- Collection entries:
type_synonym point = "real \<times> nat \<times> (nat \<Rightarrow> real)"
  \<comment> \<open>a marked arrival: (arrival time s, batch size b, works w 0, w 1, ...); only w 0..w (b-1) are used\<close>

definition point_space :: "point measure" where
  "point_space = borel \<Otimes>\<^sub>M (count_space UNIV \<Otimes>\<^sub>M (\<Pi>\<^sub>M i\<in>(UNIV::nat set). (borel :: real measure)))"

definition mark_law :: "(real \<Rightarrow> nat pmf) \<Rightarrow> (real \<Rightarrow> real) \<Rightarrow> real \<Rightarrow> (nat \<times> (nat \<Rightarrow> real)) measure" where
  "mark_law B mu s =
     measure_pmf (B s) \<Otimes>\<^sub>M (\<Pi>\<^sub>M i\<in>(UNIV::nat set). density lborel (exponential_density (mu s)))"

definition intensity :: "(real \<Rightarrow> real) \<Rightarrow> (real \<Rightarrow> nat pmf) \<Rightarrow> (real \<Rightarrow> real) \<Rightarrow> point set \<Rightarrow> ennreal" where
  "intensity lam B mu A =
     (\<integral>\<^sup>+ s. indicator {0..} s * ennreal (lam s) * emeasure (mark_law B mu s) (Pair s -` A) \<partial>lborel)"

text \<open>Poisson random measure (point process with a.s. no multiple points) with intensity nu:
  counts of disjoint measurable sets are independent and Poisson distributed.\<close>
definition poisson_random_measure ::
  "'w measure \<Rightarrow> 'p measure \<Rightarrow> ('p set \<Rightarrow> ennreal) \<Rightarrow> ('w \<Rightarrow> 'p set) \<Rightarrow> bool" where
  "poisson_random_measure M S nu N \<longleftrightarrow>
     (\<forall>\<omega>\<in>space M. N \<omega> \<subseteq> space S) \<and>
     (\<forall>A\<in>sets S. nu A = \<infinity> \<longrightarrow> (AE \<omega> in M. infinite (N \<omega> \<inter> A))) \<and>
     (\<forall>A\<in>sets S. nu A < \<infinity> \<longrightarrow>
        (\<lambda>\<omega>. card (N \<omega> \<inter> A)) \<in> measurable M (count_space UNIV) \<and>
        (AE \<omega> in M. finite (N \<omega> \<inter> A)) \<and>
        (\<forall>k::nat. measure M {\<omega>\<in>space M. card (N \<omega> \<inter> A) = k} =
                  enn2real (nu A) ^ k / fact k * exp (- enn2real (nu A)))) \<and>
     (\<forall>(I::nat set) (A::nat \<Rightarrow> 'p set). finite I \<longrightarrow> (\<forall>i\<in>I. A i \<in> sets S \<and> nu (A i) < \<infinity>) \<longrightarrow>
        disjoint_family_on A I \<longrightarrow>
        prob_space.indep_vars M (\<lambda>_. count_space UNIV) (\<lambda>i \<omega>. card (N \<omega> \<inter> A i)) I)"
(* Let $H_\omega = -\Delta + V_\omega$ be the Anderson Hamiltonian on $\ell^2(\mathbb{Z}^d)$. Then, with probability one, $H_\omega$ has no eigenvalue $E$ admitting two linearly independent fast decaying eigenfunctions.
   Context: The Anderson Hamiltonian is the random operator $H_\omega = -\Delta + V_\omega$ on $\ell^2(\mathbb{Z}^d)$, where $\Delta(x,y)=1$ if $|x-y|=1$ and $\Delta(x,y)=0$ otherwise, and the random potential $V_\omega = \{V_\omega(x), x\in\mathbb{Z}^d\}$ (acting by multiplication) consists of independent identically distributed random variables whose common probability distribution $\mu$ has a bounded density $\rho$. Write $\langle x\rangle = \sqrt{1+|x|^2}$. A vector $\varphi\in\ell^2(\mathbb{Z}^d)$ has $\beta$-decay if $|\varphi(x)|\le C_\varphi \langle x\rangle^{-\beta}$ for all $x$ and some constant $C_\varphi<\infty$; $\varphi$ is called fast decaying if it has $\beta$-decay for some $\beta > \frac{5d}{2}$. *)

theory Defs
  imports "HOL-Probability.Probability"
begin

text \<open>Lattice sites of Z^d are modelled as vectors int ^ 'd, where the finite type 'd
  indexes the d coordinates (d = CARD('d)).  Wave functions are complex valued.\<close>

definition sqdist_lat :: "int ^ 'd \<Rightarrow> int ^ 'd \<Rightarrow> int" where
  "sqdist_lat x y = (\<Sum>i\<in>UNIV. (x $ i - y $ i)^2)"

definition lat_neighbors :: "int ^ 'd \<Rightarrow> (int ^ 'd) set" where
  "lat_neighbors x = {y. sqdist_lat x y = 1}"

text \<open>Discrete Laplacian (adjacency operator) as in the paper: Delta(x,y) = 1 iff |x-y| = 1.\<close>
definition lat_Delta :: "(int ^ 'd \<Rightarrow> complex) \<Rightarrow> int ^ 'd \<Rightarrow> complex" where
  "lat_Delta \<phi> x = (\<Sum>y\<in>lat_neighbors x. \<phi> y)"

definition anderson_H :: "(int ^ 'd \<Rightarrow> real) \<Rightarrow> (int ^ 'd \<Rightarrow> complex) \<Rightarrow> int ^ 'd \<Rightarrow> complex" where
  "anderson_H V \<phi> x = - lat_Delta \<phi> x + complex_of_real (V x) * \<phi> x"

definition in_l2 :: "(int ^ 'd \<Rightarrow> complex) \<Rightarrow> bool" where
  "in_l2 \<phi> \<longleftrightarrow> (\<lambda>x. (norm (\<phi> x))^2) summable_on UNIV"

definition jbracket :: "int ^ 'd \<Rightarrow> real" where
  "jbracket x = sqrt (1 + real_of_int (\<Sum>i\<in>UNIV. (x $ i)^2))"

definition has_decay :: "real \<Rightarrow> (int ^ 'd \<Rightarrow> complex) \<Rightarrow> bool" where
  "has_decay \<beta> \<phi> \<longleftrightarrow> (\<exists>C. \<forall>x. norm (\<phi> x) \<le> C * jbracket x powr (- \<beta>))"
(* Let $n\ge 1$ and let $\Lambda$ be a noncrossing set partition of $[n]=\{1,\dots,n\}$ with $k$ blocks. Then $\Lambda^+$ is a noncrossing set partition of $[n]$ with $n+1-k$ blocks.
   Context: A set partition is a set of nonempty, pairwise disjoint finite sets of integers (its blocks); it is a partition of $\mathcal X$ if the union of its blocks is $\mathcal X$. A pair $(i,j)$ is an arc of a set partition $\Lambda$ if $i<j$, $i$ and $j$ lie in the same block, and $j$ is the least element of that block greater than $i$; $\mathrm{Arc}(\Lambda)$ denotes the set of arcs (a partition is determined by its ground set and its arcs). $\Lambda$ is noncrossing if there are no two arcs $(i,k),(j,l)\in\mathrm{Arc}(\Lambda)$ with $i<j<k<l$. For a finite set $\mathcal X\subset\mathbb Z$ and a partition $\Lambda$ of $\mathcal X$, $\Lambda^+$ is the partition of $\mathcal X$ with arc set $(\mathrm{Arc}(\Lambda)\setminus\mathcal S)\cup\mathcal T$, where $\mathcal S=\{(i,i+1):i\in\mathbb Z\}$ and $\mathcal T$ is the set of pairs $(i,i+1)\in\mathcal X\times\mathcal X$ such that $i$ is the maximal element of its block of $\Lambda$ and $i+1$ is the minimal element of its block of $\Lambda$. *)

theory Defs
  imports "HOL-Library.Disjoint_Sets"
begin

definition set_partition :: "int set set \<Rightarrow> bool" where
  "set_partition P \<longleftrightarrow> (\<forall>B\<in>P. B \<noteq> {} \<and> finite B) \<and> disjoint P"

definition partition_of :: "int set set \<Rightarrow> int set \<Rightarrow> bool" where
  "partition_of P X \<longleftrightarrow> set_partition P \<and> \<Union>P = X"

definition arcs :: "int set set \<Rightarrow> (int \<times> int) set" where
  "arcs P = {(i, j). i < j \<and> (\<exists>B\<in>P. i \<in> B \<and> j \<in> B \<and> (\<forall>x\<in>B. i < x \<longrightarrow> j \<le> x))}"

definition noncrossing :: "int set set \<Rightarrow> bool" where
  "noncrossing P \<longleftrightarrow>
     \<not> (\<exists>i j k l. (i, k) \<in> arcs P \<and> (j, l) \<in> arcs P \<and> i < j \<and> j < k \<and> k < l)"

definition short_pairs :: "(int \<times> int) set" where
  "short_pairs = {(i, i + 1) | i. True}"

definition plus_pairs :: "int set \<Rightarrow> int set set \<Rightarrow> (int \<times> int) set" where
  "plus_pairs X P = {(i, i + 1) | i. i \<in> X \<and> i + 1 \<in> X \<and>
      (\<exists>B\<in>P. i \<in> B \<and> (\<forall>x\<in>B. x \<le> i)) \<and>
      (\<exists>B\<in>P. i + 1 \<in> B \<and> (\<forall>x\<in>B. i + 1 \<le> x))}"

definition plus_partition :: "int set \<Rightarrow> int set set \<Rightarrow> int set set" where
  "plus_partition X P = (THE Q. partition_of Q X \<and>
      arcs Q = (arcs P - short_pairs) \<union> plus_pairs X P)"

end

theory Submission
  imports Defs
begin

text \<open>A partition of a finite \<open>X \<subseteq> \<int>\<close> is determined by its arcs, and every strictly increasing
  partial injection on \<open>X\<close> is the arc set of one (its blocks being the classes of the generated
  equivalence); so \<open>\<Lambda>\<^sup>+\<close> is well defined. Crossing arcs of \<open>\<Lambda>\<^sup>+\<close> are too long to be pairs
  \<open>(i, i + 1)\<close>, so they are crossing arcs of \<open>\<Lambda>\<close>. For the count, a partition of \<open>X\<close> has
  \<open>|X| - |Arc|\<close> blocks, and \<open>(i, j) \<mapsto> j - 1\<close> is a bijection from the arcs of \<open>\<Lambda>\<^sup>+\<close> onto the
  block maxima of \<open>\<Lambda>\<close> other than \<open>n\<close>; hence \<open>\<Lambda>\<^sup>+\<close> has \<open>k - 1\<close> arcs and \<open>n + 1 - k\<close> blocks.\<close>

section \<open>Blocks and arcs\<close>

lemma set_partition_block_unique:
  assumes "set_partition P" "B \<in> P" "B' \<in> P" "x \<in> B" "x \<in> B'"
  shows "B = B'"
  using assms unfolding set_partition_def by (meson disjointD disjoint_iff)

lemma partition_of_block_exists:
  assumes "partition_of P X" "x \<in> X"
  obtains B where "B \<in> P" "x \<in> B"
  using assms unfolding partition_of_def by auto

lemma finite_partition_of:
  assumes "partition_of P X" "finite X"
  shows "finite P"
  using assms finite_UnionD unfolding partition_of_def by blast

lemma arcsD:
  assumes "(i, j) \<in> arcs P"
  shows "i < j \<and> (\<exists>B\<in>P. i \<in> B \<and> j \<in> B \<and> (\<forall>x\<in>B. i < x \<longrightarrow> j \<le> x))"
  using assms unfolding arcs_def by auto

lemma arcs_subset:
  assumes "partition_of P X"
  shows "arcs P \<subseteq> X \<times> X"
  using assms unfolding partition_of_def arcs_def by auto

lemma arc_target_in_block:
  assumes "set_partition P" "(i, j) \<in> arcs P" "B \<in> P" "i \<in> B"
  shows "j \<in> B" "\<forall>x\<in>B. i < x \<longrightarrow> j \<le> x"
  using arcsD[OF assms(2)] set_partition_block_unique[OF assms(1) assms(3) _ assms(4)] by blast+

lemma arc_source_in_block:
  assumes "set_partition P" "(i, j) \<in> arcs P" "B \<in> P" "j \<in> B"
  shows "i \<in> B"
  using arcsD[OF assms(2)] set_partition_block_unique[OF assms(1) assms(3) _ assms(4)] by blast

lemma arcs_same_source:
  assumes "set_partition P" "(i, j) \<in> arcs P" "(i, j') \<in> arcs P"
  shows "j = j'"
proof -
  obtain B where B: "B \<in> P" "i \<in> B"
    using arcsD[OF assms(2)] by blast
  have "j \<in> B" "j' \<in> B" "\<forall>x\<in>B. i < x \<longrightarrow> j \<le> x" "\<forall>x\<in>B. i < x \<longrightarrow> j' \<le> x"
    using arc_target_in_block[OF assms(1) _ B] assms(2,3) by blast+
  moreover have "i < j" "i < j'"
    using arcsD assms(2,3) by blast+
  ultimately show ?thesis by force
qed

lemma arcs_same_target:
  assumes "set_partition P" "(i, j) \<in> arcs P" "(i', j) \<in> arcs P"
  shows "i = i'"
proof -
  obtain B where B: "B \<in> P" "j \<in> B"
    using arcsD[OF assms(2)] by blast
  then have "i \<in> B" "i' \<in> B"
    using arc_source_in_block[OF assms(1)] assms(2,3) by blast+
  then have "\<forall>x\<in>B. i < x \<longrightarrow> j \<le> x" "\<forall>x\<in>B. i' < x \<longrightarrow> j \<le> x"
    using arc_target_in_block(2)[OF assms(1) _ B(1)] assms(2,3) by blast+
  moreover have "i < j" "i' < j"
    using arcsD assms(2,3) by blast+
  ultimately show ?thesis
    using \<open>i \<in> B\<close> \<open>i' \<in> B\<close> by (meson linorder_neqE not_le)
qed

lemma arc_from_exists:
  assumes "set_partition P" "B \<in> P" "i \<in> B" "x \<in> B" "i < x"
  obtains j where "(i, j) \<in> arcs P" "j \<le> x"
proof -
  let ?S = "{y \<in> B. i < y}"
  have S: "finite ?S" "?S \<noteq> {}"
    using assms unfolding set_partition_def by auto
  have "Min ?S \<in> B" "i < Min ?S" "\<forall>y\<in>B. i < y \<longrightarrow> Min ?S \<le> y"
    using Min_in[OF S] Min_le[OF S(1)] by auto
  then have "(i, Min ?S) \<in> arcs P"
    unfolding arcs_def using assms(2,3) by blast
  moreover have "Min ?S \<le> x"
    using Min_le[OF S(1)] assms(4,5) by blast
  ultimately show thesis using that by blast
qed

- REQUIREMENT: Copy every line in the entries above that has the string "infinity" in it.

- ANSWER TO THE PROBLEM:
     (\<forall>A\<in>sets S. nu A = \<infinity> \<longrightarrow> (AE \<omega> in M. infinite (N \<omega> \<inter> A))) \<and>
     (\<forall>A\<in>sets S. nu A < \<infinity> \<longrightarrow>
     (\<forall>(I::nat set) (A::nat \<Rightarrow> 'p set). finite I \<longrightarrow> (\<forall>i\<in>I. A i \<in> sets S \<and> nu (A i) < \<infinity>) \<longrightarrow>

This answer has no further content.